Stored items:
↓

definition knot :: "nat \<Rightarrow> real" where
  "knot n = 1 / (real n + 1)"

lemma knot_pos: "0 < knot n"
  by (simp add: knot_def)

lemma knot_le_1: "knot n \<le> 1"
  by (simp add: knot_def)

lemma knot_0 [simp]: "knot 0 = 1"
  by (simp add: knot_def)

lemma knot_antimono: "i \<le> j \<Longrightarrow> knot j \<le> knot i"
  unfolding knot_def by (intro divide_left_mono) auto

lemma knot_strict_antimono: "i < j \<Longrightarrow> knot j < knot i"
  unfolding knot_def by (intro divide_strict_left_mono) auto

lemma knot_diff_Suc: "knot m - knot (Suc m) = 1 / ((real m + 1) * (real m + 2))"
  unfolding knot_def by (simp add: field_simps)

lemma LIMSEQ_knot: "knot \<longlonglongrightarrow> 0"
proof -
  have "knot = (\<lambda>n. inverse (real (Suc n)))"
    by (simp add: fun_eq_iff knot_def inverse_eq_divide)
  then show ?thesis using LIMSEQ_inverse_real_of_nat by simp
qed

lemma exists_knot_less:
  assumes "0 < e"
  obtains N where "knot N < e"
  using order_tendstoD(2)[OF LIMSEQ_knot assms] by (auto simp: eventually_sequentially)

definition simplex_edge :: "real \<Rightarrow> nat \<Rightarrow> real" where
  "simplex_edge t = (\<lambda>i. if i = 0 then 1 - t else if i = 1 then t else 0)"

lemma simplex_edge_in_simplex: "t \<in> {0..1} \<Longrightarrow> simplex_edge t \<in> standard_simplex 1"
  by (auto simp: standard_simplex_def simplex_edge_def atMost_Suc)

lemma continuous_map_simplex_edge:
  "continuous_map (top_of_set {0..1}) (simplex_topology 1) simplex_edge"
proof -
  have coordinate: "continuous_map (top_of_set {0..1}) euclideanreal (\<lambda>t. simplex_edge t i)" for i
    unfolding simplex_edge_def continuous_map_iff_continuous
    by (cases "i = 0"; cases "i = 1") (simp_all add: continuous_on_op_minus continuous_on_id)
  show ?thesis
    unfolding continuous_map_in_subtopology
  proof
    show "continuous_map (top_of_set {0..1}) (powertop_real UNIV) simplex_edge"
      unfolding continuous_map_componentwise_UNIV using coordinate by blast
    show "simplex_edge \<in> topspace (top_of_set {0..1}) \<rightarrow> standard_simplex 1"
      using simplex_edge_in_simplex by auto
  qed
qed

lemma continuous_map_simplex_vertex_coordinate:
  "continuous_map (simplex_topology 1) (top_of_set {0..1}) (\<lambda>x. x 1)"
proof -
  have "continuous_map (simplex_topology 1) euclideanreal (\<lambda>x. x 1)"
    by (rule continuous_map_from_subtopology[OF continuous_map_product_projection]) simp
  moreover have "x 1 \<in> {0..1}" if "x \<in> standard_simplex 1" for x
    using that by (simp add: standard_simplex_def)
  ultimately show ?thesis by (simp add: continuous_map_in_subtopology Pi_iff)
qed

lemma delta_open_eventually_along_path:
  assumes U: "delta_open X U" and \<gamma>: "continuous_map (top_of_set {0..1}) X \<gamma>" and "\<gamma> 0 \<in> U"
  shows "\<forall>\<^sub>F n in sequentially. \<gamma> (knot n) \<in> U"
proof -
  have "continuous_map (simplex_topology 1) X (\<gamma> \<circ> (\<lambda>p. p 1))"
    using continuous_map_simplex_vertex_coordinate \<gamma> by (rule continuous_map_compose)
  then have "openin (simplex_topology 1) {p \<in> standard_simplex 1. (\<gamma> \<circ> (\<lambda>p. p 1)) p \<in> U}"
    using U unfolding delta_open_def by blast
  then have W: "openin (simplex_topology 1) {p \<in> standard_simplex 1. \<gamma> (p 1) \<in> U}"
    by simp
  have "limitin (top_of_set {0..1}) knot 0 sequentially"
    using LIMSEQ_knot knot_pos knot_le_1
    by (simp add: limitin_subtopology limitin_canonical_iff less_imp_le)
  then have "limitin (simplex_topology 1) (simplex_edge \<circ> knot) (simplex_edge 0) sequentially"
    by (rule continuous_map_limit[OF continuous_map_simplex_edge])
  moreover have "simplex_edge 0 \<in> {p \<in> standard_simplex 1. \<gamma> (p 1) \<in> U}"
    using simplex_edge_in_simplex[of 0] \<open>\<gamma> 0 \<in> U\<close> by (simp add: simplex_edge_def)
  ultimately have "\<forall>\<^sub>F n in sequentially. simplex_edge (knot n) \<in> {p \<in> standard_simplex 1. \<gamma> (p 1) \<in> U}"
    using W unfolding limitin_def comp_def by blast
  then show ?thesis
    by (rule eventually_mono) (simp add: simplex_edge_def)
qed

↑
↓

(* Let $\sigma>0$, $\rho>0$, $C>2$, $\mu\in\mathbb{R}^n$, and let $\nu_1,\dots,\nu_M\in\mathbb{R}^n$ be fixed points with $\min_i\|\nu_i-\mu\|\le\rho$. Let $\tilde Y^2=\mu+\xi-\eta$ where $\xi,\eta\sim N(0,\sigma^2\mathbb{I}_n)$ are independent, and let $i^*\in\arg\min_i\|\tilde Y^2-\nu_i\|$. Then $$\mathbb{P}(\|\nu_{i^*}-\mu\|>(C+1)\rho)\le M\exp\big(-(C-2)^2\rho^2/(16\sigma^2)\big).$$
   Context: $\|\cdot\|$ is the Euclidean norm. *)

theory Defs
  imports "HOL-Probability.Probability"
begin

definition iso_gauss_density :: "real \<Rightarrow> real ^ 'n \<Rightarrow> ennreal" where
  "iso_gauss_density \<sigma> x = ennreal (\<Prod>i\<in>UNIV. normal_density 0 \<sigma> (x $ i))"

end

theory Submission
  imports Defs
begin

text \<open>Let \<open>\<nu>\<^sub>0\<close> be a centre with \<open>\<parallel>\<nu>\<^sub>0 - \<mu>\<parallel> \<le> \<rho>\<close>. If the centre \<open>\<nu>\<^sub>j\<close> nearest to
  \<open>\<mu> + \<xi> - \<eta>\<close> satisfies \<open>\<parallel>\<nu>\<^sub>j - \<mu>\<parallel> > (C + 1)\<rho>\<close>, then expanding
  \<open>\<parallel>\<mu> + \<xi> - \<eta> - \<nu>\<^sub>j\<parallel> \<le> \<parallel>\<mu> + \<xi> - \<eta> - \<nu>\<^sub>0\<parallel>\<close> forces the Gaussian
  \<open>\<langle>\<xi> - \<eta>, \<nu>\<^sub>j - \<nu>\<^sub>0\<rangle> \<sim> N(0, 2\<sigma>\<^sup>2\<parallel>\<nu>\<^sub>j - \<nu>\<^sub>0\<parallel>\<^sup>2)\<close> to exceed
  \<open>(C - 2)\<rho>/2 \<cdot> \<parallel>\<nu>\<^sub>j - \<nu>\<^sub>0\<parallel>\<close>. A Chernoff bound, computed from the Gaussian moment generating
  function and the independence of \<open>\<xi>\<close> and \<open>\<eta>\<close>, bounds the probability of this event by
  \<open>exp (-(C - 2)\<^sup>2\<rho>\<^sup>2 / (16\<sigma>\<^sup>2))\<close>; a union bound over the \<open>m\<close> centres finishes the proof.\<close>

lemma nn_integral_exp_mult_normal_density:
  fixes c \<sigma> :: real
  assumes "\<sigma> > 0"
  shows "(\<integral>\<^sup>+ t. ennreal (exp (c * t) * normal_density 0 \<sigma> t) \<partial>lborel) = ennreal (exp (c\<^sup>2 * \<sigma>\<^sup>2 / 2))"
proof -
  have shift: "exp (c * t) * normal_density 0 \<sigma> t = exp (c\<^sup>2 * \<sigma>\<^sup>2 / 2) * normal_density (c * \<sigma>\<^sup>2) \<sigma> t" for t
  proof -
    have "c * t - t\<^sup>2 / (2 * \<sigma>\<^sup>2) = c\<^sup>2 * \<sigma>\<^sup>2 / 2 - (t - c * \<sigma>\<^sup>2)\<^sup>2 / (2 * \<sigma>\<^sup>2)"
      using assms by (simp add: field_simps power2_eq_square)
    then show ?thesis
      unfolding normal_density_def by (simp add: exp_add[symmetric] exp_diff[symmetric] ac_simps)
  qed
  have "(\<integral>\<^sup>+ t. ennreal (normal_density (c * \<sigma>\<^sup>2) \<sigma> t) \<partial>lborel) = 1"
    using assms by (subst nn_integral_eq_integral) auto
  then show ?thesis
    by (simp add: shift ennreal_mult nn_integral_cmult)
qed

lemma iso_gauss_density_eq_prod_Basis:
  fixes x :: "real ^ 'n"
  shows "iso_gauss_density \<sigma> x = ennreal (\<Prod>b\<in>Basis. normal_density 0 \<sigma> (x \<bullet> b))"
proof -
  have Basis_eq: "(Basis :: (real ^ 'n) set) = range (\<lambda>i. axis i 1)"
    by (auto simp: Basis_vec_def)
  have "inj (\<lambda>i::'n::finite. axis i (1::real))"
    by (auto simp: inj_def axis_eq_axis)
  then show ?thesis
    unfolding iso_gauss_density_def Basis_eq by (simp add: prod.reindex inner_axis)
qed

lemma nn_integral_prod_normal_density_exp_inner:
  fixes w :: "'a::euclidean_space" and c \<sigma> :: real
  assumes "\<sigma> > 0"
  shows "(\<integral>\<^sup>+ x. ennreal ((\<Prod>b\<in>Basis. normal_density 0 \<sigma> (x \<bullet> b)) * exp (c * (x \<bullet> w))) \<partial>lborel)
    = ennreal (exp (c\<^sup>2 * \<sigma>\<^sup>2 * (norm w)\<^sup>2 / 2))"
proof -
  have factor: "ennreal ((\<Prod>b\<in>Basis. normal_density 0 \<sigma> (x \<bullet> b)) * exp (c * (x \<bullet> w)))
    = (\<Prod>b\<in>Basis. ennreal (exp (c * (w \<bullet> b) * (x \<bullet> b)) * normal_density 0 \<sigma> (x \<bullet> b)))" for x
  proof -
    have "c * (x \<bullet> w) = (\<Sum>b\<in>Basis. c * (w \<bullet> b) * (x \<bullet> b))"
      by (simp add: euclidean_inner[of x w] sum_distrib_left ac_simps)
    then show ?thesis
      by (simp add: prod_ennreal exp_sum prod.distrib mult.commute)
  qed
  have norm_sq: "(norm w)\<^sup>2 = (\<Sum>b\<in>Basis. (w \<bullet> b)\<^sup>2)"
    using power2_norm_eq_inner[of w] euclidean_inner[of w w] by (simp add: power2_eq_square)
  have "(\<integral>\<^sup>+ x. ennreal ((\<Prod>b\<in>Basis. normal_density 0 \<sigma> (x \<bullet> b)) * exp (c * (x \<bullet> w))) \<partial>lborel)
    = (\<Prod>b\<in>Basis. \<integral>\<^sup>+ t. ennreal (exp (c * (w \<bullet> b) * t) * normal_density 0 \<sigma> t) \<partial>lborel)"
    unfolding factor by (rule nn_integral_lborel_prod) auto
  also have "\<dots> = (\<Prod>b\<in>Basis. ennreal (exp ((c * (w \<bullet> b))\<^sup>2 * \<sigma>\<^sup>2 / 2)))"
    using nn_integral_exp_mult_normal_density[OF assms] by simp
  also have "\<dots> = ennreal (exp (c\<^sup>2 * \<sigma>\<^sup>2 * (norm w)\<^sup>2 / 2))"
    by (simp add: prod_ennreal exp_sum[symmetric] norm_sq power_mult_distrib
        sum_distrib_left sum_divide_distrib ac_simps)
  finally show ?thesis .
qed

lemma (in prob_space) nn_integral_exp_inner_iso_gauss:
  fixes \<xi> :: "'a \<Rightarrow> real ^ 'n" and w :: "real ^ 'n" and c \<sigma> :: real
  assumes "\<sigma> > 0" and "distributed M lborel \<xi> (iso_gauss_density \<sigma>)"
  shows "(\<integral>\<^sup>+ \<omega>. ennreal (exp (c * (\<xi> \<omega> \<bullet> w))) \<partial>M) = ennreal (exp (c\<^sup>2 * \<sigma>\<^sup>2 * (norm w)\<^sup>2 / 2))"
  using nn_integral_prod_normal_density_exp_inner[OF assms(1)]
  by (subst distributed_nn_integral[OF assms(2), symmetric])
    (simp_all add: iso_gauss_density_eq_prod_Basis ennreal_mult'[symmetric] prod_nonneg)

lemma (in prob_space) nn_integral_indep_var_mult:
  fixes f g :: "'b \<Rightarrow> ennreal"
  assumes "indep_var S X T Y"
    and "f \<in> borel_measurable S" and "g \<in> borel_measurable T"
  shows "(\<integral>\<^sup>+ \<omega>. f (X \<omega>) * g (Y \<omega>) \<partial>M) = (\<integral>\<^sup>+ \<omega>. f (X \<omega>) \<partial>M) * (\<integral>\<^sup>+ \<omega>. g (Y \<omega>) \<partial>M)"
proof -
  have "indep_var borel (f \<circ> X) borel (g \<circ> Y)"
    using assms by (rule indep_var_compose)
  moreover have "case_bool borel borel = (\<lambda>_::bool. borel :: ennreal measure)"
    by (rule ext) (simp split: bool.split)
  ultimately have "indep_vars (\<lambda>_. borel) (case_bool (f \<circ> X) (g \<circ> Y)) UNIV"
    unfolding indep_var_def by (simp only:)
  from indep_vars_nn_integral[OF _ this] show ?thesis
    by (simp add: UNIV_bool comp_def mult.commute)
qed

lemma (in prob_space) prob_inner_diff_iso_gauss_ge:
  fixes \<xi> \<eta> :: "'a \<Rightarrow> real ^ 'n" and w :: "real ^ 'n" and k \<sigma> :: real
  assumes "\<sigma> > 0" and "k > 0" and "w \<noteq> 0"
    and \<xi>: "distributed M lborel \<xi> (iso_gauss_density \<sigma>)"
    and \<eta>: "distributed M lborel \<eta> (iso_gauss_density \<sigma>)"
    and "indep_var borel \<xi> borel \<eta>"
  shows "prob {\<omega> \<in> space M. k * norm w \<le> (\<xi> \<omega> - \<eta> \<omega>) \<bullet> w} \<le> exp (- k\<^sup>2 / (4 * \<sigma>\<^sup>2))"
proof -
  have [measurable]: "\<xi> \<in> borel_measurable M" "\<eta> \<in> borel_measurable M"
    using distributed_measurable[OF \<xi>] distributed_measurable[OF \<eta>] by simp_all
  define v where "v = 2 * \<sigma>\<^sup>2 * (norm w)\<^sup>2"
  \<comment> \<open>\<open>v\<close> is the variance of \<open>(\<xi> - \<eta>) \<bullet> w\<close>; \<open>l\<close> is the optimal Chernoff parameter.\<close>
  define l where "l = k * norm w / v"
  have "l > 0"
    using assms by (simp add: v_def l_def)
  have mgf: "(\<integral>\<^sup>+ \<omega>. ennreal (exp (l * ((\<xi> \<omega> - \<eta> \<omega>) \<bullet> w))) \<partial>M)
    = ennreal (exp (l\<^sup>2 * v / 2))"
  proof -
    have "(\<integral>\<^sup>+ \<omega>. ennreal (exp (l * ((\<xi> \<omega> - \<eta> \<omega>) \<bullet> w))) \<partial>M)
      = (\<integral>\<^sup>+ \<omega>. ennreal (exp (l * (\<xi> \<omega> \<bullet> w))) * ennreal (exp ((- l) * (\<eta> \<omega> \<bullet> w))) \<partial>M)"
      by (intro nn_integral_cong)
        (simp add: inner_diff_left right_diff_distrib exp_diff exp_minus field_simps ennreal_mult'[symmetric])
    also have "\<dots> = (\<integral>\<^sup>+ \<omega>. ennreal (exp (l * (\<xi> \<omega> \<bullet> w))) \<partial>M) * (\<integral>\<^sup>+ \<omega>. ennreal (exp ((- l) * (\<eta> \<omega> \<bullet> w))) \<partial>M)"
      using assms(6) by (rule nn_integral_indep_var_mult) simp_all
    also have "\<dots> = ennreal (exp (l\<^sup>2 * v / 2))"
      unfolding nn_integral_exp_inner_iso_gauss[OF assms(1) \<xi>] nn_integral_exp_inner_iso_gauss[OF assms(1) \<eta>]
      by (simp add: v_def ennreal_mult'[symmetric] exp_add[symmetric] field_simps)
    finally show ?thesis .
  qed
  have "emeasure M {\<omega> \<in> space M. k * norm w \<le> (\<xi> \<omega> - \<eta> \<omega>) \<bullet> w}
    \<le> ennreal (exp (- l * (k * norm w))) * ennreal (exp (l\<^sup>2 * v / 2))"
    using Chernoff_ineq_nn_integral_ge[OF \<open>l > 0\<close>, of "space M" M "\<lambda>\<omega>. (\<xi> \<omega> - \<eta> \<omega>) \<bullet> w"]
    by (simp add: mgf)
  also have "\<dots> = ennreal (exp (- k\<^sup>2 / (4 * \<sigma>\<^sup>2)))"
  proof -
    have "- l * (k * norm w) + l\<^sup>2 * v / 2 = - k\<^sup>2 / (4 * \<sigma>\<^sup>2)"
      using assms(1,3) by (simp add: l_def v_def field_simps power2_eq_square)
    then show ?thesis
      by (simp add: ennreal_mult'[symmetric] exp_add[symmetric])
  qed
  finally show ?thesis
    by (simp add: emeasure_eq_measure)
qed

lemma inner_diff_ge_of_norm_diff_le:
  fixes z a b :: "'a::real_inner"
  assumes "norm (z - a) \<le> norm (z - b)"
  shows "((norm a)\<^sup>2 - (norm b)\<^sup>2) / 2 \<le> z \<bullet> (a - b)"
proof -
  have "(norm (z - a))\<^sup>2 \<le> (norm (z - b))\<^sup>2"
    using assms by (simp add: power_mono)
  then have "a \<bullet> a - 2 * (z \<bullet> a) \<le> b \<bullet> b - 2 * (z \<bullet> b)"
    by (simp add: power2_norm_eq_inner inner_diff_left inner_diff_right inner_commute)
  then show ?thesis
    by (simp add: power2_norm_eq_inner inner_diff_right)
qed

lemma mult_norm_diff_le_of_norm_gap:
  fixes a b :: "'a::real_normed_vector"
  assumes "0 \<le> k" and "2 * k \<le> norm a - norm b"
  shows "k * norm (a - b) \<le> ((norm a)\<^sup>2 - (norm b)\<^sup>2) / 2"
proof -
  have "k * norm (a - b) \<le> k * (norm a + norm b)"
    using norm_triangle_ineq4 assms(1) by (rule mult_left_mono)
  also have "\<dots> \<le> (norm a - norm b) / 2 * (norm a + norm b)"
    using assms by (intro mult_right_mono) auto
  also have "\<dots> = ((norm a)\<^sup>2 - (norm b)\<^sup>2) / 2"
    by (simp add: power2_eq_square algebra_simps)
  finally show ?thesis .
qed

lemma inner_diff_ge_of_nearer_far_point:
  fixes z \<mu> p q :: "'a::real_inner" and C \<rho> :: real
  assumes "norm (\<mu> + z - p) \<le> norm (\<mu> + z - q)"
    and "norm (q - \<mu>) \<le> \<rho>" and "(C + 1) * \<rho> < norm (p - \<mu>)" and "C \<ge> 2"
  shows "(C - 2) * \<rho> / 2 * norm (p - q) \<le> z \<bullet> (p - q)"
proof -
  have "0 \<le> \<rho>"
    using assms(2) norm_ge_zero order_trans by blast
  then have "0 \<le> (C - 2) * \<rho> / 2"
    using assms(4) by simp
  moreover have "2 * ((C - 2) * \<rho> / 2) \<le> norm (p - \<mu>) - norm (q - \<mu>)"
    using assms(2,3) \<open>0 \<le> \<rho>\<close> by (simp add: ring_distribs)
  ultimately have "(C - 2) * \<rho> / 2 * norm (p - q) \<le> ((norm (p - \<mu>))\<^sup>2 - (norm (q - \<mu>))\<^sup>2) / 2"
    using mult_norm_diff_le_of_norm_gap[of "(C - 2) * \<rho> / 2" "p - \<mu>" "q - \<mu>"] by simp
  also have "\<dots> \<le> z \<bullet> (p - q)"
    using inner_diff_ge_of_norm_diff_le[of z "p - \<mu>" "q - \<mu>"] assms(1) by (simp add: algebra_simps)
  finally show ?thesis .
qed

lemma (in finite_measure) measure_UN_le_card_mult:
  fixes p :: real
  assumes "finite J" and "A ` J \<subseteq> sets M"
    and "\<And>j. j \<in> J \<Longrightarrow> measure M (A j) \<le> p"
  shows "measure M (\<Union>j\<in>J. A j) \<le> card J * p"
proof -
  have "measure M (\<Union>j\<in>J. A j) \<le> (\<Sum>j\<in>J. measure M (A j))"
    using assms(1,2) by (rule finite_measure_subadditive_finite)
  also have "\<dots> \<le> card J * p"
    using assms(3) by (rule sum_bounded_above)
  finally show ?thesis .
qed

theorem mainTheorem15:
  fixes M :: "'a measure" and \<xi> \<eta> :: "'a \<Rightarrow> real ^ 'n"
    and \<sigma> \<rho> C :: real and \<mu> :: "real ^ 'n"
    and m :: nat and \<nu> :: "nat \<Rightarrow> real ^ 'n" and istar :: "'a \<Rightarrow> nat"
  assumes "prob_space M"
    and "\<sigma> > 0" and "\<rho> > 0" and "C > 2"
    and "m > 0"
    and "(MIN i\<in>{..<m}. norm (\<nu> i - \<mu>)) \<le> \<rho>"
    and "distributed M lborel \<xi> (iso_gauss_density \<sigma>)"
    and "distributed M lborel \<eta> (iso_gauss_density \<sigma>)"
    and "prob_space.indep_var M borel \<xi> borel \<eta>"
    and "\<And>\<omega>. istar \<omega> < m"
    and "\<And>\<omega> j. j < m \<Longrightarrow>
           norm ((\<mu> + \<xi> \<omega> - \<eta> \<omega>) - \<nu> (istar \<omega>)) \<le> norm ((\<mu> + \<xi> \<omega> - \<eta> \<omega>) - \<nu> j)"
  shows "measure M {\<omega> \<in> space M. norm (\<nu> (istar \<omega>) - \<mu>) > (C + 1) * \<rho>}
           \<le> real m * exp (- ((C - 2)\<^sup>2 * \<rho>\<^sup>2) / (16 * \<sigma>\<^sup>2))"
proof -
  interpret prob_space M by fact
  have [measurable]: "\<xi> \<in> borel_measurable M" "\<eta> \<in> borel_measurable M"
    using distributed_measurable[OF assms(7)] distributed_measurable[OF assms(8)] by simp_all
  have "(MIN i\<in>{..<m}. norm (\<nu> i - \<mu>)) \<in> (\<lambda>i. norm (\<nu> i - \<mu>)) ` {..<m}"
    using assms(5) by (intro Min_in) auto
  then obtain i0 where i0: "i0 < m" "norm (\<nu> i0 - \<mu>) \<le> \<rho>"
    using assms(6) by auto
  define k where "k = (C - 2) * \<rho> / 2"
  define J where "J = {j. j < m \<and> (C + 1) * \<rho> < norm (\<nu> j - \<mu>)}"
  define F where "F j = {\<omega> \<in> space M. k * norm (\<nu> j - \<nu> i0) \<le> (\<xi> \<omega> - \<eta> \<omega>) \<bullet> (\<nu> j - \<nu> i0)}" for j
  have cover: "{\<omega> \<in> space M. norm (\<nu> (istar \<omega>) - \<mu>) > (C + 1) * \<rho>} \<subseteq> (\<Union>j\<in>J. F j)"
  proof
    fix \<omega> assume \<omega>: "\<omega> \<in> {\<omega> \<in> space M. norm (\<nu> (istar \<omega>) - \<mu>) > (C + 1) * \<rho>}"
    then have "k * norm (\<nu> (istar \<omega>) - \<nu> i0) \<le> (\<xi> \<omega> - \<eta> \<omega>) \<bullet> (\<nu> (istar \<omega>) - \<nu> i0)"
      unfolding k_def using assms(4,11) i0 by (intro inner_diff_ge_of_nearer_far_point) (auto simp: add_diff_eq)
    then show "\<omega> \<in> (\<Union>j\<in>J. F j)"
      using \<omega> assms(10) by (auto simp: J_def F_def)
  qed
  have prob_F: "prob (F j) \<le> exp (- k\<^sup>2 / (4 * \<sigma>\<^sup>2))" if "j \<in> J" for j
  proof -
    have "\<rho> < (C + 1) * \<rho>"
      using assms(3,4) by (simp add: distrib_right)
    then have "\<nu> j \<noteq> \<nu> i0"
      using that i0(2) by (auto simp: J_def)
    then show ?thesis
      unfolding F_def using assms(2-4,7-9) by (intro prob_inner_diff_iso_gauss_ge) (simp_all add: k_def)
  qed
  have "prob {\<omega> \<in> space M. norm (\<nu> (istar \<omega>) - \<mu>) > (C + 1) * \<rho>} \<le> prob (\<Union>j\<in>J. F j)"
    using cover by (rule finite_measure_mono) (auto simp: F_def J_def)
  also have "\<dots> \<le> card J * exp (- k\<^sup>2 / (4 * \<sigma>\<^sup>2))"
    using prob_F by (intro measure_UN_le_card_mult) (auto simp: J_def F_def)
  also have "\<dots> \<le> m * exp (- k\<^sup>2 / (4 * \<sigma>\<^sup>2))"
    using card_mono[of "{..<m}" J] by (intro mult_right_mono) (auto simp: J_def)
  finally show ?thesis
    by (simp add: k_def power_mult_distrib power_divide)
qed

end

↑

WHAT TO WORK ON
Look through the data above for the string "noteq" and copy every line where it appears.

EXERCISE RESULT
  assumes "\<sigma> > 0" and "k > 0" and "w \<noteq> 0"
    then have "\<nu> j \<noteq> \<nu> i0"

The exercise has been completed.